A Woman Youth Minister

women, youth ministry

I think this post has been processing in my brain for the last three years, and was just waiting to bust out.  What is it like to be a woman youth minister?

Well, let me tell you :)

Although I’ve only been the head of a youth group for four months now, I can definitely see the advantages and disadvantages of being a woman in a leading role of the church.  I am very lucky to have a church that completely supports me as a woman in ministry, and also realizes that for the type of youth group they have, a woman leader seems to fit really well.

What are the advantages I have on men?  Well, we’re gonna get pretty cliche and stereotypical here.  Women are more emotional, and men are more physical.  Thus, women are more relational and want to dig into students’ lives more emotionally.  Women can sense when people are hurting almost instantly.  Men are more physical and active, so they are more able to relate using sports and other physical activities.  Once again, these are stereotypes, but most will find this to be true.  I certainly think this is true for me, and that is why my ministry is so relational and discipleship-centered instead of physical team-building and recreational-centered.  I found that where I have voids, I am extremely lucky to have men volunteering to fill them.  I also feel that as a leader I am more organized than most men, and I also feel like I build relationships with the parents easier than I see some guys.  I am not saying that it is better to have a woman minister, by any means.  I can get emotional, I let little things bother me at times, and I have a hard time relating to sports (which is big for most teenage boys).

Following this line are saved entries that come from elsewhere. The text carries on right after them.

text \<open>\<open>d\<close> is bounded below, so its range is closed; the range is also dense, because
  \<open>d\<^sup>*\<close> is the \<open>(2,2)\<close> entry of the \<open>J\<close>-unitary \<open>T\<^sup>-\<^sup>1\<close> and hence injective.\<close>

lemma bij_blk_d:
  assumes "J_unitary S"
  shows "bij (blk_d S)"
proof (rule bijI)
  note S = J_unitaryD [OF assms]
  have below: "norm x \<le> norm (blk_d S x)" for x
    using S(4) by (rule norm_le_blk_d)
  have lin: "clinear (blk_d S)"
    using S(2) by (rule clinear_blk(4))
  show "inj (blk_d S)"
  proof (rule injI)
    fix x y
    assume "blk_d S x = blk_d S y"
    then show "x = y"
      using below [of "x - y"] by (simp add: clinear_diff [OF lin])
  qed
  show "surj (blk_d S)"
  proof (rule ccontr)
    assume "\<not> surj (blk_d S)"
    moreover have "closed (range (blk_d S))"
      using bounded_clinear_imp_bounded_linear [OF bounded_clinear_blk_d [OF S(1)]] below
      by (rule closed_range_bounded_below)
    ultimately obtain z
      where "z \<noteq> 0" and perp: "\<And>n. n \<in> range (blk_d S) \<Longrightarrow> cinner n z = 0"
      using proper_closed_csubspace_orthogonal [OF csubspace_range [OF lin]] by metis
    have "cinner x (blk_d (inv S) z) = cinner x 0" for x
      using perp [OF rangeI [of _ x]] cinner_blk_d_inv [OF S(3,4), of x z] by simp
    then have "blk_d (inv S) z = 0"
      by (rule cinner_ext)
    then show False
      using norm_le_blk_d [OF J_unitaryD(4) [OF J_unitary_inv [OF assms]], of z] \<open>z \<noteq> 0\<close>
      by simp
  qed
qed
(* Let $a\in\mathbb{R}^n$, $\mathcal{B}\subseteq\mathbb{R}^n$, and $\mathcal{M}=\{\mathrm{Sym}(ab^\top): b\in\mathcal{B}\}$. Then for every positive semidefinite $X\in\mathbb{S}^n_+$ of rank at least two, $\mathrm{range}(X)\cap\mathcal{N}(\mathcal{M})\neq\{0\}$. In particular, $\mathcal{S}(\mathcal{M})$ is rank-one generated.
   Context: $\mathbb{S}^n$ is the space of real symmetric $n\times n$ matrices with $\langle A,B\rangle=\mathrm{tr}(AB)$; $\mathbb{S}^n_+$ is the PSD cone; $\mathrm{Sym}(M)=(M+M^\top)/2$. For $\mathcal{M}\subseteq\mathbb{S}^n$: $\mathcal{S}(\mathcal{M})=\{X\in\mathbb{S}^n_+:\langle M,X\rangle\ge0\ \forall M\in\mathcal{M}\}$ and $\mathcal{N}(\mathcal{M})=\{x\in\mathbb{R}^n: x^\top Mx=0\ \forall M\in\mathcal{M}\}$. A closed convex cone $\mathcal{S}\subseteq\mathbb{S}^n_+$ is rank-one generated (ROG) if $\mathcal{S}=\mathrm{conv}(\mathcal{S}\cap\{xx^\top:x\in\mathbb{R}^n\})$. *)

theory Defs
  imports "HOL-Analysis.Analysis"
begin

definition sym_mat :: "real^'n^'n \<Rightarrow> bool" where
  "sym_mat X \<longleftrightarrow> transpose X = X"

definition mat_inner :: "real^'n^'n \<Rightarrow> real^'n^'n \<Rightarrow> real" where
  "mat_inner A B = (\<Sum>i\<in>UNIV. (A ** B) $ i $ i)"

definition psd_cone :: "(real^'n^'n) set" where
  "psd_cone = {X. sym_mat X \<and> (\<forall>x. x \<bullet> (X *v x) \<ge> 0)}"

definition outer :: "real^'n \<Rightarrow> real^'n \<Rightarrow> real^'n^'n" where
  "outer a b = (\<chi> i j. a $ i * b $ j)"

definition Sym :: "real^'n^'n \<Rightarrow> real^'n^'n" where
  "Sym M = (1/2) *\<^sub>R (M + transpose M)"

definition S_of :: "(real^'n^'n) set \<Rightarrow> (real^'n^'n) set" where
  "S_of \<M> = {X \<in> psd_cone. \<forall>M\<in>\<M>. mat_inner M X \<ge> 0}"

definition N_of :: "(real^'n^'n) set \<Rightarrow> (real^'n) set" where
  "N_of \<M> = {x. \<forall>M\<in>\<M>. x \<bullet> (M *v x) = 0}"

definition ROG :: "(real^'n^'n) set \<Rightarrow> bool" where
  "ROG S \<longleftrightarrow> closed S \<and> convex_cone S \<and> S \<subseteq> psd_cone \<and>
     S = convex hull (S \<inter> range (\<lambda>x. outer x x))"

end

theory Submission
  imports Defs
begin

text \<open>Since \<open>x\<^sup>T Sym(a b\<^sup>T) x = (a\<^sup>T x)(b\<^sup>T x)\<close>, the hyperplane \<open>a\<^sup>\<bottom>\<close> lies in \<open>\<N>(\<M>)\<close>, and
  every subspace of dimension at least two meets a hyperplane nontrivially. For rank one
  generation, take \<open>X \<in> \<S>(\<M>)\<close> of rank at least two and \<open>x = X y \<noteq> 0\<close> in \<open>\<N>(\<M>)\<close>.
  The deflation \<open>X - x x\<^sup>T / (y\<^sup>T X y)\<close> stays positive semidefinite by Cauchy-Schwarz,
  has the same inner products with \<open>\<M>\<close> because \<open>x \<in> \<N>(\<M>)\<close>, and has smaller rank; so
  induction on the rank writes \<open>X\<close> as a sum of rank one matrices of \<open>\<S>(\<M>)\<close>.\<close>

lemma outer_mulv: "outer a b *v x = (b \<bullet> x) *\<^sub>R a"
  by (simp add: vec_eq_iff matrix_vector_mult_def outer_def inner_vec_def sum_distrib_left mult_ac)

lemma transpose_outer: "transpose (outer a b) = outer b a"
  by (simp add: vec_eq_iff transpose_def outer_def)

I think that the differences between men and women prove to me that it takes a man and a woman to run youth ministry.  I also think it can be harder for a woman to gain respect in ministry, especially (and ironically) from her peer youth ministers.  It seems to be that the most flack I get for being a woman in ministry isn’t from parents, my pastor, or youth; but from males who are in ministry.  I hope to prove to my peers my passion for ministry and gain their respect.